StepFun shipped Step 3.7 Flash, a 198B sparse Mixture-of-Experts vision-language model released under Apache 2.0. The model card pegs it at roughly 11B active parameters per token, a 256K context window, and three selectable reasoning levels. Throughput tops out at 400 tokens per second.
The pitch is agent efficiency, not raw size. StepFun built it to parse documents, charts, and UIs, then write code or call tools without the toolcall drift that breaks long agent loops. The company claims 98%+ on the tau-2 benchmark across all difficulty tiers, plus #1 placements on ClawEval-1.1 (67.1) and SimpleVQA Search (79.2). All self-reported. Independent runs on standard multimodal evals like MMMU and MATH-Vision haven't surfaced yet.
Weights are live on GitHub alongside GGUF quants for local hosting. With 128GB of unified memory, it runs on a Mac Studio, DGX Station, or AMD Ryzen AI Max+ 395 box. Inference works through vLLM, SGLang, llama.cpp, and Hugging Face Transformers.

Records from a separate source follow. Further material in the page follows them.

lemma vgap_width_threshold:
  fixes D :: "(real \<times> real) multiset" and k l :: nat
  defines "S \<equiv> fst ` set_mset (DS k D)"
  assumes gap: "vgap_width k l D - vgap_width k (l + 1) D > ereal (4 * \<epsilon>)"
    and \<epsilon>: "0 \<le> \<epsilon>" and l: "1 \<le> l"
  obtains \<tau> where "2 * \<epsilon> \<le> \<tau>" "card (wide_gap_starts S \<tau>) = l"
    "wide_gap_starts S (\<tau> - 2 * \<epsilon>) \<subseteq> wide_gap_starts S (\<tau> + 2 * \<epsilon>)"
proof -
  let ?cs = "births (DS k D)"
  let ?I = "{1..length ?cs}"
  have "\<forall>j\<in>?I. 0 < gap_width ?cs j" using gap_width_pos[OF births_strict_sorted] by blast
  moreover have "\<forall>i\<in>?I. \<forall>j\<in>?I. gap_width ?cs i = \<infinity> \<longrightarrow> gap_width ?cs j = \<infinity> \<longrightarrow> i = j"
    unfolding gap_width_def by auto
  moreover have "nth_widest ?I (gap_width ?cs) l - nth_widest ?I (gap_width ?cs) (l + 1)
      > ereal (4 * \<epsilon>)"
    using gap unfolding vgap_width_eq_nth_widest vgap_w_eq_gap_width .
  ultimately obtain \<tau> where \<tau>: "2 * \<epsilon> \<le> \<tau>" "card {j\<in>?I. ereal \<tau> < gap_width ?cs j} = l"
    and band: "\<forall>j\<in>?I. ereal (\<tau> - 2 * \<epsilon>) < gap_width ?cs j \<longrightarrow> ereal (\<tau> + 2 * \<epsilon>) < gap_width ?cs j"
    by (rule gap_threshold[OF finite_atLeastAtMost _ _ l \<epsilon>])
  show ?thesis
  proof (rule that[OF \<tau>(1)])
    show "card (wide_gap_starts S \<tau>) = l"
      using \<tau>(2) card_gap_width_gt[OF births_strict_sorted] unfolding S_def set_births by simp
    show "wide_gap_starts S (\<tau> - 2 * \<epsilon>) \<subseteq> wide_gap_starts S (\<tau> + 2 * \<epsilon>)"
      using band unfolding S_def set_births[symmetric] wide_gap_starts_eq_image[OF births_strict_sorted]
      by auto
  qed
qed

lemma VS_eq_filter_le_Min:
  fixes D :: "(real \<times> real) multiset" and k l :: nat
  defines "S \<equiv> fst ` set_mset (DS k D)"
  assumes "card (wide_gap_starts S \<tau>) = l" "1 \<le> l"
  shows "VS k l D = filter_mset (\<lambda>p. fst p \<le> Min (wide_gap_starts S \<tau>)) (DS k D)"
proof -
  let ?cs = "births (DS k D)"
  let ?J = "{j\<in>{1..length ?cs}. ereal \<tau> < gap_width ?cs j}"
  have "card ?J = l"
    using assms(2) card_gap_width_gt[OF births_strict_sorted] unfolding S_def set_births by simp
  then have top: "vgap_top (DS k D) l = ?J"
    unfolding vgap_top_def vgap_pos_eq_rank_in vgap_w_eq_gap_width
    by (rule rank_in_less_eq_above[OF finite_atLeastAtMost])
  have "?J \<noteq> {}"
  proof
    assume "?J = {}"
    then have "card ?J = 0" by (simp only: card.empty)
    with \<open>card ?J = l\<close> \<open>1 \<le> l\<close> show False by simp
  qed
  then have "?cs ! (Min ?J - 1) = Min (wide_gap_starts S \<tau>)"
    unfolding S_def set_births[symmetric] by (rule gap_start_Min[OF births_strict_sorted])
  then show ?thesis
    by (simp only: VS_def Let_def top if_not_P[OF \<open>?J \<noteq> {}\<close>])
qed

lemma VS_empty: "DS k D = {#} \<Longrightarrow> VS k l D = {#}"
  unfolding VS_def vgap_top_def births_def by simp

lemma abs_fst_le_dist_inf: "\<bar>fst p - fst q\<bar> \<le> dist_inf p q"
  unfolding dist_inf_def by simp

lemma matched_pair_births:
  assumes "pq \<in># \<psi>" "\<forall>pq\<in>#\<psi>. dist_inf (fst pq) (snd pq) \<le> \<epsilon>"
  shows "fst (fst pq) \<in> fst ` set_mset (image_mset fst \<psi>)"
    and "fst (snd pq) \<in> fst ` set_mset (image_mset snd \<psi>)"
    and "\<bar>fst (fst pq) - fst (snd pq)\<bar> \<le> \<epsilon>"
proof -
  show "fst (fst pq) \<in> fst ` set_mset (image_mset fst \<psi>)"
    and "fst (snd pq) \<in> fst ` set_mset (image_mset snd \<psi>)"
    using assms(1) by simp_all
  show "\<bar>fst (fst pq) - fst (snd pq)\<bar> \<le> \<epsilon>"
    using abs_fst_le_dist_inf assms order_trans by blast
qed

lemma close_sets_births:
  assumes "\<forall>pq\<in>#\<psi>. dist_inf (fst pq) (snd pq) \<le> \<epsilon>"
  shows "close_sets \<epsilon> (fst ` set_mset (image_mset fst \<psi>)) (fst ` set_mset (image_mset snd \<psi>))"
  unfolding close_sets_def
proof (intro conjI ballI)
  fix a assume "a \<in> fst ` set_mset (image_mset fst \<psi>)"
  then obtain pq where "pq \<in># \<psi>" "a = fst (fst pq)" by auto
  then show "\<exists>b\<in>fst ` set_mset (image_mset snd \<psi>). \<bar>a - b\<bar> \<le> \<epsilon>"
    using matched_pair_births[OF _ assms] by blast
next
  fix b assume "b \<in> fst ` set_mset (image_mset snd \<psi>)"
  then obtain pq where "pq \<in># \<psi>" "b = fst (snd pq)" by auto
  then show "\<exists>a\<in>fst ` set_mset (image_mset fst \<psi>). \<bar>a - b\<bar> \<le> \<epsilon>"
    using matched_pair_births[OF _ assms] by blast
qed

API access is open now on StepFun's open platform, with OpenRouter and NVIDIA NIM also listed. One reporting outlet put pricing at $0.20 input and $1.15 output per million tokens, undercutting Western mid-tier models, though StepFun's own docs don't headline those figures. DeepInfra, Fireworks AI, and Modal are slated to add the model soon.
Bottom Line
Step 3.7 Flash ships as open weights under Apache 2.0 with ~11B active parameters and a 256K context, runnable on a 128GB Mac Studio.
Quick Facts
- 198B total parameters, ~11B active per token
- Up to 400 tokens per second
- 256K context window, three reasoning levels
- 98%+ on tau-2 benchmark (company-reported)
- Runs locally on 128GB unified memory devices